- Supplied records -
+++
(* Let $M$ be a partial multiplication matrix and let $\mathcal{C}\subseteq\mathsf{Grid}(M)$ be a permutation class, with $\mathcal{C}^\#$ the set of $M$-gridded permutations whose underlying permutations lie in $\mathcal{C}$. Then the set of $M$-indivisible elements of $\mathcal{C}^\#$ is labelled well quasi-ordered if and only if $\mathcal{C}^\#$ is labelled well quasi-ordered. Furthermore, the same statement holds with "labelled well quasi-ordered" replaced by "well quasi-ordered" (under gridded containment).
   Context: Permutations are identified with their plots; a permutation class is a containment-closed set of permutations. A gridding matrix has entries in $\{0,1,-1\}$; an $m\times n$ one has $m$ columns, $n$ rows, $M_{ij}$ in column $i$ from the left and row $j$ from the bottom. An $M$-gridding of a permutation $\pi$ of length $L$ is a choice of vertical lines $\tfrac12=v_0\le\dots\le v_m=L+\tfrac12$ and horizontal lines $\tfrac12=h_0\le\dots\le h_n=L+\tfrac12$, not through points of $\pi$, such that in each cell $C_{ij}=\{v_{i-1}<x<v_i,\ h_{j-1}<y<h_j\}$ the points of $\pi$ are absent if $M_{ij}=0$, increasing if $M_{ij}=1$, decreasing if $M_{ij}=-1$; the result is an $M$-gridded permutation, and $\mathsf{Grid}(M)$ is the class of permutations with an $M$-gridding. Gridded containment: $\sigma^\#\le\pi^\#$ if some subsequence of $\pi$ order-isomorphic to $\sigma$ maps each point of $\sigma^\#$ to a point lying in the cell with the same index. $M$ is a partial multiplication matrix: there are fixed $c_1,\dots,c_m,r_1,\dots,r_n\in\{\pm1\}$ with $M_{ij}=c_ir_j$ for each non-zero entry. Column $i$ is oriented left-to-right if $c_i=1$, right-to-left otherwise; row $j$ bottom-to-top if $r_j=1$, top-to-bottom otherwise. $M$-sum: $\sigma^\#\boxplus\tau^\#$ is the $M$-gridded permutation whose points are those of $\sigma^\#$ and $\tau^\#$, each in its cell, with the relative order among points of $\sigma^\#$ and among points of $\tau^\#$ unchanged, and such that in every column (resp. row) of cells all points of $\sigma^\#$ precede all points of $\tau^\#$ in that column's (resp. row's) orientation. An $M$-gridded permutation is $M$-divisible if it equals $\sigma^\#\boxplus\tau^\#$ with both non-empty, and $M$-indivisible otherwise. A quasi-order is wqo if every infinite sequence $x_1,x_2,\dots$ has $i<j$ with $x_i\le x_j$. For a quasi-order $L$, an $L$-labelled gridded permutation is a gridded permutation with a map from its points to $L$; $(\sigma^\#,\ell_\sigma)\le(\pi^\#,\ell_\pi)$ if some gridded embedding maps each point to one whose label is $\ge$ its own. A set of gridded permutations is labelled well quasi-ordered if its set of $L$-labelled elements is wqo for every wqo $L$. *)

theory Defs
  imports Main
begin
+++
- Problem -
Output all of the records, keeping every word exact.

- Your solution -
(* Let $M$ be a partial multiplication matrix and let $\mathcal{C}\subseteq\mathsf{Grid}(M)$ be a permutation class, with $\mathcal{C}^\#$ the set of $M$-gridded permutations whose underlying permutations lie in $\mathcal{C}$. Then the set of $M$-indivisible elements of $\mathcal{C}^\#$ is labelled well quasi-ordered if and only if $\mathcal{C}^\#$ is labelled well quasi-ordered. Furthermore, the same statement holds with "labelled well quasi-ordered" replaced by "well quasi-ordered" (under gridded containment).
   Context: Permutations are identified with their plots; a permutation class is a containment-closed set of permutations. A gridding matrix has entries in $\{0,1,-1\}$; an $m\times n$ one has $m$ columns, $n$ rows, $M_{ij}$ in column $i$ from the left and row $j$ from the bottom. An $M$-gridding of a permutation $\pi$ of length $L$ is a choice of vertical lines $\tfrac12=v_0\le\dots\le v_m=L+\tfrac12$ and horizontal lines $\tfrac12=h_0\le\dots\le h_n=L+\tfrac12$, not through points of $\pi$, such that in each cell $C_{ij}=\{v_{i-1}<x<v_i,\ h_{j-1}<y<h_j\}$ the points of $\pi$ are absent if $M_{ij}=0$, increasing if $M_{ij}=1$, decreasing if $M_{ij}=-1$; the result is an $M$-gridded permutation, and $\mathsf{Grid}(M)$ is the class of permutations with an $M$-gridding. Gridded containment: $\sigma^\#\le\pi^\#$ if some subsequence of $\pi$ order-isomorphic to $\sigma$ maps each point of $\sigma^\#$ to a point lying in the cell with the same index. $M$ is a partial multiplication matrix: there are fixed $c_1,\dots,c_m,r_1,\dots,r_n\in\{\pm1\}$ with $M_{ij}=c_ir_j$ for each non-zero entry. Column $i$ is oriented left-to-right if $c_i=1$, right-to-left otherwise; row $j$ bottom-to-top if $r_j=1$, top-to-bottom otherwise. $M$-sum: $\sigma^\#\boxplus\tau^\#$ is the $M$-gridded permutation whose points are those of $\sigma^\#$ and $\tau^\#$, each in its cell, with the relative order among points of $\sigma^\#$ and among points of $\tau^\#$ unchanged, and such that in every column (resp. row) of cells all points of $\sigma^\#$ precede all points of $\tau^\#$ in that column's (resp. row's) orientation. An $M$-gridded permutation is $M$-divisible if it equals $\sigma^\#\boxplus\tau^\#$ with both non-empty, and $M$-indivisible otherwise. A quasi-order is wqo if every infinite sequence $x_1,x_2,\dots$ has $i<j$ with $x_i\le x_j$. For a quasi-order $L$, an $L$-labelled gridded permutation is a gridded permutation with a map from its points to $L$; $(\sigma^\#,\ell_\sigma)\le(\pi^\#,\ell_\pi)$ if some gridded embedding maps each point to one whose label is $\ge$ its own. A set of gridded permutations is labelled well quasi-ordered if its set of $L$-labelled elements is wqo for every wqo $L$. *)

theory Defs
  imports Main
begin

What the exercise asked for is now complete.